_Data items:_
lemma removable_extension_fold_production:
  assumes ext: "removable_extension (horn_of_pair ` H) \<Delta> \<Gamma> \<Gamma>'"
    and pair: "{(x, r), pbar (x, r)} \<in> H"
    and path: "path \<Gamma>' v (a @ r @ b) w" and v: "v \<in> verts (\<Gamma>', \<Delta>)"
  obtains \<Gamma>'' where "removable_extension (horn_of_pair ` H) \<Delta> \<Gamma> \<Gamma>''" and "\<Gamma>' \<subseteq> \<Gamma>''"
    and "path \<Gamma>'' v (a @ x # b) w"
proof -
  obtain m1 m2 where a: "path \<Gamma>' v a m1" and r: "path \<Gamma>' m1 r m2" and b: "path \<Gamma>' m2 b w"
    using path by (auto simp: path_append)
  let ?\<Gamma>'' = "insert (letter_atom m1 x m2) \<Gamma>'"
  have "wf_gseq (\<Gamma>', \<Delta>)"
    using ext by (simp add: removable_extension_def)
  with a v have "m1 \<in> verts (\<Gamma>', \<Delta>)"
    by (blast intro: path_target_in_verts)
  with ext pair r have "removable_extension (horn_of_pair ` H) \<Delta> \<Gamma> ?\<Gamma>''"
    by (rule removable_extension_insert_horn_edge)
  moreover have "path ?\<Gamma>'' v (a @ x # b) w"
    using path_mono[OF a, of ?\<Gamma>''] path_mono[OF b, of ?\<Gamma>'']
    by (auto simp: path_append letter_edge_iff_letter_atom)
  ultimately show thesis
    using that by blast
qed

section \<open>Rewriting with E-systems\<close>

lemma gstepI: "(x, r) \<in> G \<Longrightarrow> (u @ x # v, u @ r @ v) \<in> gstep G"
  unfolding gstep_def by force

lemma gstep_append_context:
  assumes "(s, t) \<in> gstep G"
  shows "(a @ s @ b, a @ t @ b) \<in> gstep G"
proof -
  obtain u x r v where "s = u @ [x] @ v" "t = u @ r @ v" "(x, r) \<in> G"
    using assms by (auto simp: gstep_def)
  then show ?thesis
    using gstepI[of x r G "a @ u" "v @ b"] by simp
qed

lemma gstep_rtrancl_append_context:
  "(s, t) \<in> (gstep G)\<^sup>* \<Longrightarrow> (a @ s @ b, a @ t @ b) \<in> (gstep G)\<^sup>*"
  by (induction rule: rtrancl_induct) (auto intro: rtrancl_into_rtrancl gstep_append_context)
--
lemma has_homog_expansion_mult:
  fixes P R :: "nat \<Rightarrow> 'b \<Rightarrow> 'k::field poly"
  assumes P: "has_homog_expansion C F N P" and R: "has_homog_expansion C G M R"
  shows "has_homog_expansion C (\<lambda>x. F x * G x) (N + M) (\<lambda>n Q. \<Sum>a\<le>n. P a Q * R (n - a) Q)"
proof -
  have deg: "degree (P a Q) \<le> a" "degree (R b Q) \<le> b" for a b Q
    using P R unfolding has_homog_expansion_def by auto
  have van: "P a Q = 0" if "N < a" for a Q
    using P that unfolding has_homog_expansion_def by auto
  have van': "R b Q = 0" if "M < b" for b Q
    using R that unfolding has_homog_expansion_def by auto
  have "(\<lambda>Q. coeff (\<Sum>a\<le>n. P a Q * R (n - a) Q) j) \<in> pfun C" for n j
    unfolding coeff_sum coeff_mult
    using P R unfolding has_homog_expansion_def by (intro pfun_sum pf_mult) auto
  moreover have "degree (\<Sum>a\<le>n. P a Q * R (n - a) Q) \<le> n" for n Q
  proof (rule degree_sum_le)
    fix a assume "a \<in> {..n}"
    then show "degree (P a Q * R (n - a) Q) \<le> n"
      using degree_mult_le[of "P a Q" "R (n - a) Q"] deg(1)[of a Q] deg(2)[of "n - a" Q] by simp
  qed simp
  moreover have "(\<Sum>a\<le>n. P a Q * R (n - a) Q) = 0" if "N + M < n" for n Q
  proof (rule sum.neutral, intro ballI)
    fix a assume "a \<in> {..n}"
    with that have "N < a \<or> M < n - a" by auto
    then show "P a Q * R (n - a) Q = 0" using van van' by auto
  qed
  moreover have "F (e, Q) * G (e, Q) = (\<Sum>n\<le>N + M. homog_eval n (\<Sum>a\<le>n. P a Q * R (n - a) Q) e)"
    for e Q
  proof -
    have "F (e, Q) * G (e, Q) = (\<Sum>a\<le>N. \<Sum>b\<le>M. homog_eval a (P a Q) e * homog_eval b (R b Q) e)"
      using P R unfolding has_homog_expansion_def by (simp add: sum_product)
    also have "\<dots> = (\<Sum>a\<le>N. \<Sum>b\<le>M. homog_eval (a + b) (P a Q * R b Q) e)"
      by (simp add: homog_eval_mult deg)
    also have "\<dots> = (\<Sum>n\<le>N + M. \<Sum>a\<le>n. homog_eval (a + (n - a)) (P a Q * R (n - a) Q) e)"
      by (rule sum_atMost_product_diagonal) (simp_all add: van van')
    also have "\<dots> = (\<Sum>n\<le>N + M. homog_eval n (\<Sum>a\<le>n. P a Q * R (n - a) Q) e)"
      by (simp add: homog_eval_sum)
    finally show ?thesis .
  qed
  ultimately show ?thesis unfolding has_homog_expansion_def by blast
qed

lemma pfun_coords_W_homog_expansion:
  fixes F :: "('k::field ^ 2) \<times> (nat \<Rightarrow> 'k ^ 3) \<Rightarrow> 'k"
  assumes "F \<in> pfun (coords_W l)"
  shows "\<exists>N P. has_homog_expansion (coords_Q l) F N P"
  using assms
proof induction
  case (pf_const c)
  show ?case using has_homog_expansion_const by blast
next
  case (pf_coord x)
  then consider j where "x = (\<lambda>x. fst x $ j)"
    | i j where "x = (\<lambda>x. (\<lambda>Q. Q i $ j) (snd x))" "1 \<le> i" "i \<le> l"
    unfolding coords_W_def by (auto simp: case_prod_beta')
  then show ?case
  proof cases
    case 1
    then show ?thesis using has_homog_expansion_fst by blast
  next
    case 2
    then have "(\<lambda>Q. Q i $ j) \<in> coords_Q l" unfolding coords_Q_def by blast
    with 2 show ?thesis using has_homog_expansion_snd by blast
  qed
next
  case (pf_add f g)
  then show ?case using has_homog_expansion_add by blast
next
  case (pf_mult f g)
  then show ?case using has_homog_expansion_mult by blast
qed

_About this task:_ Give the exact lines, and only those, from the line containing "t) \<in> gstep" through the line containing "by (induction rule: rtrancl_induct)" in the entries above.

_Solution for this problem:_
  assumes "(s, t) \<in> gstep G"
  shows "(a @ s @ b, a @ t @ b) \<in> gstep G"
proof -
  obtain u x r v where "s = u @ [x] @ v" "t = u @ r @ v" "(x, r) \<in> G"
    using assms by (auto simp: gstep_def)
  then show ?thesis
    using gstepI[of x r G "a @ u" "v @ b"] by simp
qed

lemma gstep_rtrancl_append_context:
  "(s, t) \<in> (gstep G)\<^sup>* \<Longrightarrow> (a @ s @ b, a @ t @ b) \<in> (gstep G)\<^sup>*"
  by (induction rule: rtrancl_induct) (auto intro: rtrancl_into_rtrancl gstep_append_context)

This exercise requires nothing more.